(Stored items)
---+---

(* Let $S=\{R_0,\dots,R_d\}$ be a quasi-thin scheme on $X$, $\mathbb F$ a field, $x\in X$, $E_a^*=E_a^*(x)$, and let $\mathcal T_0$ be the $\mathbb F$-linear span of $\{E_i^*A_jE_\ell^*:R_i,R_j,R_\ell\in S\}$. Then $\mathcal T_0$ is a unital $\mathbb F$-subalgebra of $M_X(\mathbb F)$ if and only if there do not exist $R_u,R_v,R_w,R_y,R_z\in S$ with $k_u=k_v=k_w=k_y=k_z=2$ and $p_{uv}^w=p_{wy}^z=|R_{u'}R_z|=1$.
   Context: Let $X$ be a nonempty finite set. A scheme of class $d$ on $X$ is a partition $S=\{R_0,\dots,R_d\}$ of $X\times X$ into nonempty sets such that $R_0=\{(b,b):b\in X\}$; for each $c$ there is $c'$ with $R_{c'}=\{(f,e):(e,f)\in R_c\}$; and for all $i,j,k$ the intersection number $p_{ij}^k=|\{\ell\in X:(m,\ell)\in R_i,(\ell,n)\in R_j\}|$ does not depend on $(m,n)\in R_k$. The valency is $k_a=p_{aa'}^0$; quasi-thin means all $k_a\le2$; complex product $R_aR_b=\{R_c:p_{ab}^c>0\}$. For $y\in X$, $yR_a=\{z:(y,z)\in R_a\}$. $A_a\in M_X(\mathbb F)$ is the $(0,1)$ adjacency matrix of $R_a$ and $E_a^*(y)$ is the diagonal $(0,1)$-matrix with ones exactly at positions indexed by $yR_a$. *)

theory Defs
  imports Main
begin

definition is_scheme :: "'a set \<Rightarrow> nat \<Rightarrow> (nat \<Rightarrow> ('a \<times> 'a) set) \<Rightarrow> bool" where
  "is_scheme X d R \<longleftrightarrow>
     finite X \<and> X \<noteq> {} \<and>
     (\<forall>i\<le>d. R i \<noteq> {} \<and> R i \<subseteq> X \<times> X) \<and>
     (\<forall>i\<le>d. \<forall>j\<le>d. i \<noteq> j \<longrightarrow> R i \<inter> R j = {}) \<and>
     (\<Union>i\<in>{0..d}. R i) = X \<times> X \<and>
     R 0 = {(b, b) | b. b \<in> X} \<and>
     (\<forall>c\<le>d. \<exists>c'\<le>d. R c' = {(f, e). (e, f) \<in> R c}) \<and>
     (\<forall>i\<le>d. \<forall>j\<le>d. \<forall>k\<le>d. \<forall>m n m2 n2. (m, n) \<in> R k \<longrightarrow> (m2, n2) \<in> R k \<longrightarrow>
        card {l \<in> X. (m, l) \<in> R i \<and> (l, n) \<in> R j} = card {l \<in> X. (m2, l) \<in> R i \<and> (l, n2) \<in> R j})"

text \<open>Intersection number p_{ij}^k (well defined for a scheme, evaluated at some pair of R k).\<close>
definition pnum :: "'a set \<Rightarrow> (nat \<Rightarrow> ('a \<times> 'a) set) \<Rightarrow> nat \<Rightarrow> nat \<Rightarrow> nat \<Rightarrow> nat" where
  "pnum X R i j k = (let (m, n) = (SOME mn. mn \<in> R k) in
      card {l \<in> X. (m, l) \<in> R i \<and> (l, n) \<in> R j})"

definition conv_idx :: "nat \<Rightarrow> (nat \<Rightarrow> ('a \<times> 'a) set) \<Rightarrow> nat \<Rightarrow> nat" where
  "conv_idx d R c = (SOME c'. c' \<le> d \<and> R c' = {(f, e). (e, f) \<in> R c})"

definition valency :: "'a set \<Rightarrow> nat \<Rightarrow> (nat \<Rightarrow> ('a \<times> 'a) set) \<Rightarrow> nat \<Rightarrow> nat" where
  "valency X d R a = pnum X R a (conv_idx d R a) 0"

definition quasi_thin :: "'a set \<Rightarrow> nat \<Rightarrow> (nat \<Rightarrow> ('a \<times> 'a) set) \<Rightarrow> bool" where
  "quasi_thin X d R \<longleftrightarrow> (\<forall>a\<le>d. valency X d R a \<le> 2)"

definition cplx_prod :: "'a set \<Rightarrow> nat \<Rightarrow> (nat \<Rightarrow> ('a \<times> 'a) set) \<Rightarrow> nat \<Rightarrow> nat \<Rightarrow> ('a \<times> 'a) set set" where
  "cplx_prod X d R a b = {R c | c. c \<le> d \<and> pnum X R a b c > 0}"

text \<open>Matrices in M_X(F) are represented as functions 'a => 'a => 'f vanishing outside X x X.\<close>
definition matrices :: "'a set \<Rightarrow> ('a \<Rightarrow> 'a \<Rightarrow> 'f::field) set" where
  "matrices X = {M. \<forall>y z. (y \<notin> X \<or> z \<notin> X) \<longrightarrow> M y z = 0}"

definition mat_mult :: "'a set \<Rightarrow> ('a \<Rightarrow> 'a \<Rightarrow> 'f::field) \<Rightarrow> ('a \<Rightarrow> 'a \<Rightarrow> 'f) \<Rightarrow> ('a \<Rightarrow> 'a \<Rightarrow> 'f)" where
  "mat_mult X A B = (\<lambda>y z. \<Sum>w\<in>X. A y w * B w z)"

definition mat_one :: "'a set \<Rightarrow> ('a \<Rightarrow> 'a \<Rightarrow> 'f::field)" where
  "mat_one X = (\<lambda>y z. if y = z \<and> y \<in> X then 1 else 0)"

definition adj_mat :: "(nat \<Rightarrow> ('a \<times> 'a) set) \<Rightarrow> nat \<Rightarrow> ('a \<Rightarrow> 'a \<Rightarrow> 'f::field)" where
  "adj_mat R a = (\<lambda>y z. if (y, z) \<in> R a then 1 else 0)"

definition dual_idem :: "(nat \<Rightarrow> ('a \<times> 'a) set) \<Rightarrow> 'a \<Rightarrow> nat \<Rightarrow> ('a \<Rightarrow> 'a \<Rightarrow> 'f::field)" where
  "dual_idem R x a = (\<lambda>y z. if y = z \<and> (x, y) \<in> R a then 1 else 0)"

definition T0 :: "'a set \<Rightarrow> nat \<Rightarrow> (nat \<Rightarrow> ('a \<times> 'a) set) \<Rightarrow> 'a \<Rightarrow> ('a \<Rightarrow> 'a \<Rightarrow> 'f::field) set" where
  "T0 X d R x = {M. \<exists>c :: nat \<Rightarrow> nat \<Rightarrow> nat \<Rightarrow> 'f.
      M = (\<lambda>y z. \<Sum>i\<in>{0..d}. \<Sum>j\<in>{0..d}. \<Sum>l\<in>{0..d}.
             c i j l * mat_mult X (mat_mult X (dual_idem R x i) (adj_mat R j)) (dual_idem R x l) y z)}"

---+---

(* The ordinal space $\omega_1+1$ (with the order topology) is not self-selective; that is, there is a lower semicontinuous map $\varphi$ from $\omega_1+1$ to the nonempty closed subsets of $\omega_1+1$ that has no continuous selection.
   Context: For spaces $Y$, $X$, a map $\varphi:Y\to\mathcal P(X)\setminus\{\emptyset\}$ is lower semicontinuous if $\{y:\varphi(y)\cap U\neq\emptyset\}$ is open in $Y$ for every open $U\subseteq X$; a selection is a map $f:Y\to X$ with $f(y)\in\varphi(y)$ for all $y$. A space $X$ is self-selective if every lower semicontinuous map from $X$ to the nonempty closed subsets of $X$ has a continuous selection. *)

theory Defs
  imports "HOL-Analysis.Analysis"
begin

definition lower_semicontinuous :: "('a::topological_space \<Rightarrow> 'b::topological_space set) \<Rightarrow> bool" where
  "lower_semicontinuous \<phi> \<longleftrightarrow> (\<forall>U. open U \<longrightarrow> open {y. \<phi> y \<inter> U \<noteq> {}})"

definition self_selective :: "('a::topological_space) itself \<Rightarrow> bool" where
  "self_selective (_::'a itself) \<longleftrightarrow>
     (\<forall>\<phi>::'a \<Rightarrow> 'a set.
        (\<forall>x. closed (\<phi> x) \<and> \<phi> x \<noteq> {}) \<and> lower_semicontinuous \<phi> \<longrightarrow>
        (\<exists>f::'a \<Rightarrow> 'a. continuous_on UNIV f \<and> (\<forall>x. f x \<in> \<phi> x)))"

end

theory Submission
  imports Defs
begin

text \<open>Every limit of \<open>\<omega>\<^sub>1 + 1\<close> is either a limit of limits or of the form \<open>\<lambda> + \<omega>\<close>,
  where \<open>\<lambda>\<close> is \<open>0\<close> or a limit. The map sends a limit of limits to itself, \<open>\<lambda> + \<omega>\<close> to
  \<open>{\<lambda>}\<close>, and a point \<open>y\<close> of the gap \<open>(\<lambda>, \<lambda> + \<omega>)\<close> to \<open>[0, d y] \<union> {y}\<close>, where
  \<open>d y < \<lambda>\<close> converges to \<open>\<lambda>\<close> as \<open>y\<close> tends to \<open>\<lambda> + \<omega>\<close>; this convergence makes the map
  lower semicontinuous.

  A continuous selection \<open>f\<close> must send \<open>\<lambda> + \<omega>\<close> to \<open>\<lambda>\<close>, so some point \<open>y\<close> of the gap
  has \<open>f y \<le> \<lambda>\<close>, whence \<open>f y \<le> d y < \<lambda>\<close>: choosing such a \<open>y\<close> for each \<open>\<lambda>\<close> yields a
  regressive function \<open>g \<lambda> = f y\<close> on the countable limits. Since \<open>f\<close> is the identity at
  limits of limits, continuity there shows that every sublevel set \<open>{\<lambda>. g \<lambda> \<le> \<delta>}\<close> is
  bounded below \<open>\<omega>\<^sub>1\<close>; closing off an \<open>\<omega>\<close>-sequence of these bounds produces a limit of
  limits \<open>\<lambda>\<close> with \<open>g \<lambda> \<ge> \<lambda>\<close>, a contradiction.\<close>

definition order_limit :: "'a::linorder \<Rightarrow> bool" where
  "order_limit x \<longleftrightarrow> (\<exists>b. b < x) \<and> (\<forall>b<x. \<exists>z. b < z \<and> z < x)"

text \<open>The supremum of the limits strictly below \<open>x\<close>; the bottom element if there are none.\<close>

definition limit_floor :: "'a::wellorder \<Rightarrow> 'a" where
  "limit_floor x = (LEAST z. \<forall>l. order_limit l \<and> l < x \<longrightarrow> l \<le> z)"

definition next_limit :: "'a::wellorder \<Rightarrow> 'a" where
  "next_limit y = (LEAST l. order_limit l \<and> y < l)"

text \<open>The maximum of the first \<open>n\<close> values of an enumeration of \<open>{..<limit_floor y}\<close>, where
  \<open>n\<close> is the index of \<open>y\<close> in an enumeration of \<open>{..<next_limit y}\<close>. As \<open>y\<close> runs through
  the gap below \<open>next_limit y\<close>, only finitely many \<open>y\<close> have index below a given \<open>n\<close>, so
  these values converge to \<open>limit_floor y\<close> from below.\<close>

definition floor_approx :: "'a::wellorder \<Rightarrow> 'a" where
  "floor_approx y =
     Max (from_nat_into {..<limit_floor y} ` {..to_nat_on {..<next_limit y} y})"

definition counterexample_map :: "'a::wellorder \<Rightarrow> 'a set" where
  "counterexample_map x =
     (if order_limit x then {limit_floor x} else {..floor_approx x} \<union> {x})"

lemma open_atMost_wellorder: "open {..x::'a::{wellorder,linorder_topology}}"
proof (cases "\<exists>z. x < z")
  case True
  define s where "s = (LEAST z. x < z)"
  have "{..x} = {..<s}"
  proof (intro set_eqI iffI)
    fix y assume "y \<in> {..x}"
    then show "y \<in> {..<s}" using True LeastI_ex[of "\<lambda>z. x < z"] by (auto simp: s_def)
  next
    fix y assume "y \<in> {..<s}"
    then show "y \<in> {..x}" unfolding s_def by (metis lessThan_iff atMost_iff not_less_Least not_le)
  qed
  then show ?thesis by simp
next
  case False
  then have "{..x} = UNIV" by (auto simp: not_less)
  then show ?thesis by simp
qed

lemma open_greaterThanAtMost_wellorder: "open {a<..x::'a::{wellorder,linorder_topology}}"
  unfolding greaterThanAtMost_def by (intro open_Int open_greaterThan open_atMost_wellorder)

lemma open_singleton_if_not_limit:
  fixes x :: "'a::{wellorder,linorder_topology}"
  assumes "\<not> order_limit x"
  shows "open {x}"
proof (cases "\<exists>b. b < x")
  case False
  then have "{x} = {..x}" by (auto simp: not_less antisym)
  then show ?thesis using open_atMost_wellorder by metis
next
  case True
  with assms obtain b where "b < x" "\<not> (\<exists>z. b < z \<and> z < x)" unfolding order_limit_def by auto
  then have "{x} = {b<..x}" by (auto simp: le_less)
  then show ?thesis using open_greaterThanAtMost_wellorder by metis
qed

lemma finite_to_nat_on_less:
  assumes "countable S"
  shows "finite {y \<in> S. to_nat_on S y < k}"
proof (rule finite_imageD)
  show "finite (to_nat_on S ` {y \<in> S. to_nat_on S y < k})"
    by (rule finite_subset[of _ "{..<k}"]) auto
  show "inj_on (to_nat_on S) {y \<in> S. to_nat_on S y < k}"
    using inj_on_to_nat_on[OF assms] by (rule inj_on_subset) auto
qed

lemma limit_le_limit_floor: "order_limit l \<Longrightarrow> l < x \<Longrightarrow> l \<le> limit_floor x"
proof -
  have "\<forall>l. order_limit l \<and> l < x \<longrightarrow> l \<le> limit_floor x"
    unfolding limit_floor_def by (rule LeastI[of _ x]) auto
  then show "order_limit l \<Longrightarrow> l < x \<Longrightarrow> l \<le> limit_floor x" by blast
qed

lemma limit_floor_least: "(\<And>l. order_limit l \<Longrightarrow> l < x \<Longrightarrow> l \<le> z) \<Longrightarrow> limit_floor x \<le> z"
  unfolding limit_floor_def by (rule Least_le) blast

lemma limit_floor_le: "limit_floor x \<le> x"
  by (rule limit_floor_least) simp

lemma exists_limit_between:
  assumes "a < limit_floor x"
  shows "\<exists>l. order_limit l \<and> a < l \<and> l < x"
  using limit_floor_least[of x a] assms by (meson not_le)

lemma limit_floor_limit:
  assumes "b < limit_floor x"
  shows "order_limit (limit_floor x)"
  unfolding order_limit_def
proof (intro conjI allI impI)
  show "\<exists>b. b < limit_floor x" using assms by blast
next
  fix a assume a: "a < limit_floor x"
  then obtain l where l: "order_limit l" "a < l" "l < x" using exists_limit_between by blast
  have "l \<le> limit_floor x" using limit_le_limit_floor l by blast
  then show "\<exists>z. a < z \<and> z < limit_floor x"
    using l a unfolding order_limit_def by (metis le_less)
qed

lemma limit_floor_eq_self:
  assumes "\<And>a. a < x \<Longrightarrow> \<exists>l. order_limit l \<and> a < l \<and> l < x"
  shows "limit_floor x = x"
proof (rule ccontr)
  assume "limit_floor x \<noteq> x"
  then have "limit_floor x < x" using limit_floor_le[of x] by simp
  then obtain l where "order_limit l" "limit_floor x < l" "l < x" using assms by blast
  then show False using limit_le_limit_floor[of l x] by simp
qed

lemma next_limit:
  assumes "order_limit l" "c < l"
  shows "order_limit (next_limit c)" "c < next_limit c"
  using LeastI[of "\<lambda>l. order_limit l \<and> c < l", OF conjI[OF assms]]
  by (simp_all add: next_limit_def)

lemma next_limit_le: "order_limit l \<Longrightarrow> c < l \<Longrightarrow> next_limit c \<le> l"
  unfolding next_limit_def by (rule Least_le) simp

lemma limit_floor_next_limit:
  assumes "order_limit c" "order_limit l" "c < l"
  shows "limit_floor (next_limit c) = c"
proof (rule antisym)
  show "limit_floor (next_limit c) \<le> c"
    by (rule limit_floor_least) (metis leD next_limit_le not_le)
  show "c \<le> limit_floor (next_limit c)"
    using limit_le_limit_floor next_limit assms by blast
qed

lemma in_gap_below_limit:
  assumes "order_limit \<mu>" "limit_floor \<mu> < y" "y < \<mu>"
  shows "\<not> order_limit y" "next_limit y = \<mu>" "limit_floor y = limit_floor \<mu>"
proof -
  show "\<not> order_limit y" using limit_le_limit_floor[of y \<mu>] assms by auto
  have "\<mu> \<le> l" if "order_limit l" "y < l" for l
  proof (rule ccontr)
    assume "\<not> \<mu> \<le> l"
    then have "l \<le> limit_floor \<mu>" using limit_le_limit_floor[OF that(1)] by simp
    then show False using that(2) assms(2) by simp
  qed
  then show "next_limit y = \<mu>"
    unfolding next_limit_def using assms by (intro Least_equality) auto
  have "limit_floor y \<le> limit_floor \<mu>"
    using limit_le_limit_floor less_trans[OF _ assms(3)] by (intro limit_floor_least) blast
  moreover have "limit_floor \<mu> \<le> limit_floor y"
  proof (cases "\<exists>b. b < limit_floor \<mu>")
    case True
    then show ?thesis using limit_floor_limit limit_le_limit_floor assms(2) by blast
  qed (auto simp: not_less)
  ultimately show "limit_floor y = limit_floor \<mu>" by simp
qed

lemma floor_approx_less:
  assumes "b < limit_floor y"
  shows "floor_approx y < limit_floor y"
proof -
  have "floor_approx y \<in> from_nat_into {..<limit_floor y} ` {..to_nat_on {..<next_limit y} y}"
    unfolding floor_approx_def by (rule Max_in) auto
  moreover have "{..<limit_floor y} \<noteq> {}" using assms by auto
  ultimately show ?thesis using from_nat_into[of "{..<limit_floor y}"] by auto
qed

---+---

** Work to be completed **
Search the entries for the string "mathbb" and collect each line that has it.

** Final answer **
(* Let $S=\{R_0,\dots,R_d\}$ be a quasi-thin scheme on $X$, $\mathbb F$ a field, $x\in X$, $E_a^*=E_a^*(x)$, and let $\mathcal T_0$ be the $\mathbb F$-linear span of $\{E_i^*A_jE_\ell^*:R_i,R_j,R_\ell\in S\}$. Then $\mathcal T_0$ is a unital $\mathbb F$-subalgebra of $M_X(\mathbb F)$ if and only if there do not exist $R_u,R_v,R_w,R_y,R_z\in S$ with $k_u=k_v=k_w=k_y=k_z=2$ and $p_{uv}^w=p_{wy}^z=|R_{u'}R_z|=1$.
   Context: Let $X$ be a nonempty finite set. A scheme of class $d$ on $X$ is a partition $S=\{R_0,\dots,R_d\}$ of $X\times X$ into nonempty sets such that $R_0=\{(b,b):b\in X\}$; for each $c$ there is $c'$ with $R_{c'}=\{(f,e):(e,f)\in R_c\}$; and for all $i,j,k$ the intersection number $p_{ij}^k=|\{\ell\in X:(m,\ell)\in R_i,(\ell,n)\in R_j\}|$ does not depend on $(m,n)\in R_k$. The valency is $k_a=p_{aa'}^0$; quasi-thin means all $k_a\le2$; complex product $R_aR_b=\{R_c:p_{ab}^c>0\}$. For $y\in X$, $yR_a=\{z:(y,z)\in R_a\}$. $A_a\in M_X(\mathbb F)$ is the $(0,1)$ adjacency matrix of $R_a$ and $E_a^*(y)$ is the diagonal $(0,1)$-matrix with ones exactly at positions indexed by $yR_a$. *)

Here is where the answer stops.